• [Problem to solve]
Could you return the whole listing, character for character?
---
text \<open>
  Conditionally on the weights and atoms, \<open>X\<close> picks the atom index \<open>k\<close> with probability \<open>J\<^sub>k\<close> and \<open>Y\<close>
  independently picks \<open>l\<close> with probability \<open>W\<^sub>l\<close>. If \<open>k = l\<close>, then \<open>(X, Y) = (\<theta>\<^sub>k, \<phi>\<^sub>k)\<close> has law \<open>G\<^sub>0\<close>;
  otherwise \<open>\<theta>\<^sub>k\<close> and \<open>\<phi>\<^sub>l\<close> are independent with law \<open>P\<^sub>0\<close> each. Since the weights are independent of the
  atoms, \<open>E[f(X) g(Y)] = (1 - \<pi>) P\<^sub>0 f P\<^sub>0 g + \<pi> G\<^sub>0 (f \<otimes> g)\<close> with \<open>\<pi> = \<Sum>\<^sub>k E[J\<^sub>k W\<^sub>k]\<close>, the probability
  of hitting the same atom. Hence \<open>X\<close> and \<open>Y\<close> have marginal \<open>P\<^sub>0\<close> and \<open>corr(X, Y) = \<pi> \<rho>\<^sub>0\<close>.
  As \<open>J\<^sub>k\<close> and \<open>W\<^sub>k\<close> have the same law, \<open>E[J\<^sub>k W\<^sub>k] \<le> E[J\<^sub>k\<^sup>2]\<close> with equality iff \<open>J\<^sub>k = W\<^sub>k\<close> a.s., so
  \<open>\<pi> \<le> \<beta>\<close> with equality iff all weights agree, and \<open>|\<rho>\<^sub>0| \<le> 1\<close> gives the claim.
\<close>

lemma ennreal_suminf_SUP_mult:
  fixes w :: "nat \<Rightarrow> ennreal" and U :: "nat \<Rightarrow> 'b \<Rightarrow> ennreal"
  assumes "incseq U"
  shows "(\<Sum>l. w l * (SUP i. U i) (x l)) = (SUP i. \<Sum>l. w l * U i (x l))"
proof -
  have "(\<Sum>l. w l * (SUP i. U i) (x l)) = (\<Sum>l. SUP i. w l * U i (x l))"
    by (simp add: SUP_apply SUP_mult_left_ennreal image_comp)
  also have "\<dots> = (SUP i. \<Sum>l. w l * U i (x l))"
    using assms by (intro ennreal_suminf_SUP_eq) (auto simp: incseq_def le_fun_def intro!: mult_left_mono)
  finally show ?thesis .
qed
---
• [Solution for this exercise]
text \<open>
  Conditionally on the weights and atoms, \<open>X\<close> picks the atom index \<open>k\<close> with probability \<open>J\<^sub>k\<close> and \<open>Y\<close>
  independently picks \<open>l\<close> with probability \<open>W\<^sub>l\<close>. If \<open>k = l\<close>, then \<open>(X, Y) = (\<theta>\<^sub>k, \<phi>\<^sub>k)\<close> has law \<open>G\<^sub>0\<close>;
  otherwise \<open>\<theta>\<^sub>k\<close> and \<open>\<phi>\<^sub>l\<close> are independent with law \<open>P\<^sub>0\<close> each. Since the weights are independent of the
  atoms, \<open>E[f(X) g(Y)] = (1 - \<pi>) P\<^sub>0 f P\<^sub>0 g + \<pi> G\<^sub>0 (f \<otimes> g)\<close> with \<open>\<pi> = \<Sum>\<^sub>k E[J\<^sub>k W\<^sub>k]\<close>, the probability
  of hitting the same atom. Hence \<open>X\<close> and \<open>Y\<close> have marginal \<open>P\<^sub>0\<close> and \<open>corr(X, Y) = \<pi> \<rho>\<^sub>0\<close>.
  As \<open>J\<^sub>k\<close> and \<open>W\<^sub>k\<close> have the same law, \<open>E[J\<^sub>k W\<^sub>k] \<le> E[J\<^sub>k\<^sup>2]\<close> with equality iff \<open>J\<^sub>k = W\<^sub>k\<close> a.s., so
  \<open>\<pi> \<le> \<beta>\<close> with equality iff all weights agree, and \<open>|\<rho>\<^sub>0| \<le> 1\<close> gives the claim.
\<close>

lemma ennreal_suminf_SUP_mult:
  fixes w :: "nat \<Rightarrow> ennreal" and U :: "nat \<Rightarrow> 'b \<Rightarrow> ennreal"
  assumes "incseq U"
  shows "(\<Sum>l. w l * (SUP i. U i) (x l)) = (SUP i. \<Sum>l. w l * U i (x l))"
proof -
  have "(\<Sum>l. w l * (SUP i. U i) (x l)) = (\<Sum>l. SUP i. w l * U i (x l))"
    by (simp add: SUP_apply SUP_mult_left_ennreal image_comp)
  also have "\<dots> = (SUP i. \<Sum>l. w l * U i (x l))"
    using assms by (intro ennreal_suminf_SUP_eq) (auto simp: incseq_def le_fun_def intro!: mult_left_mono)
  finally show ?thesis .
qed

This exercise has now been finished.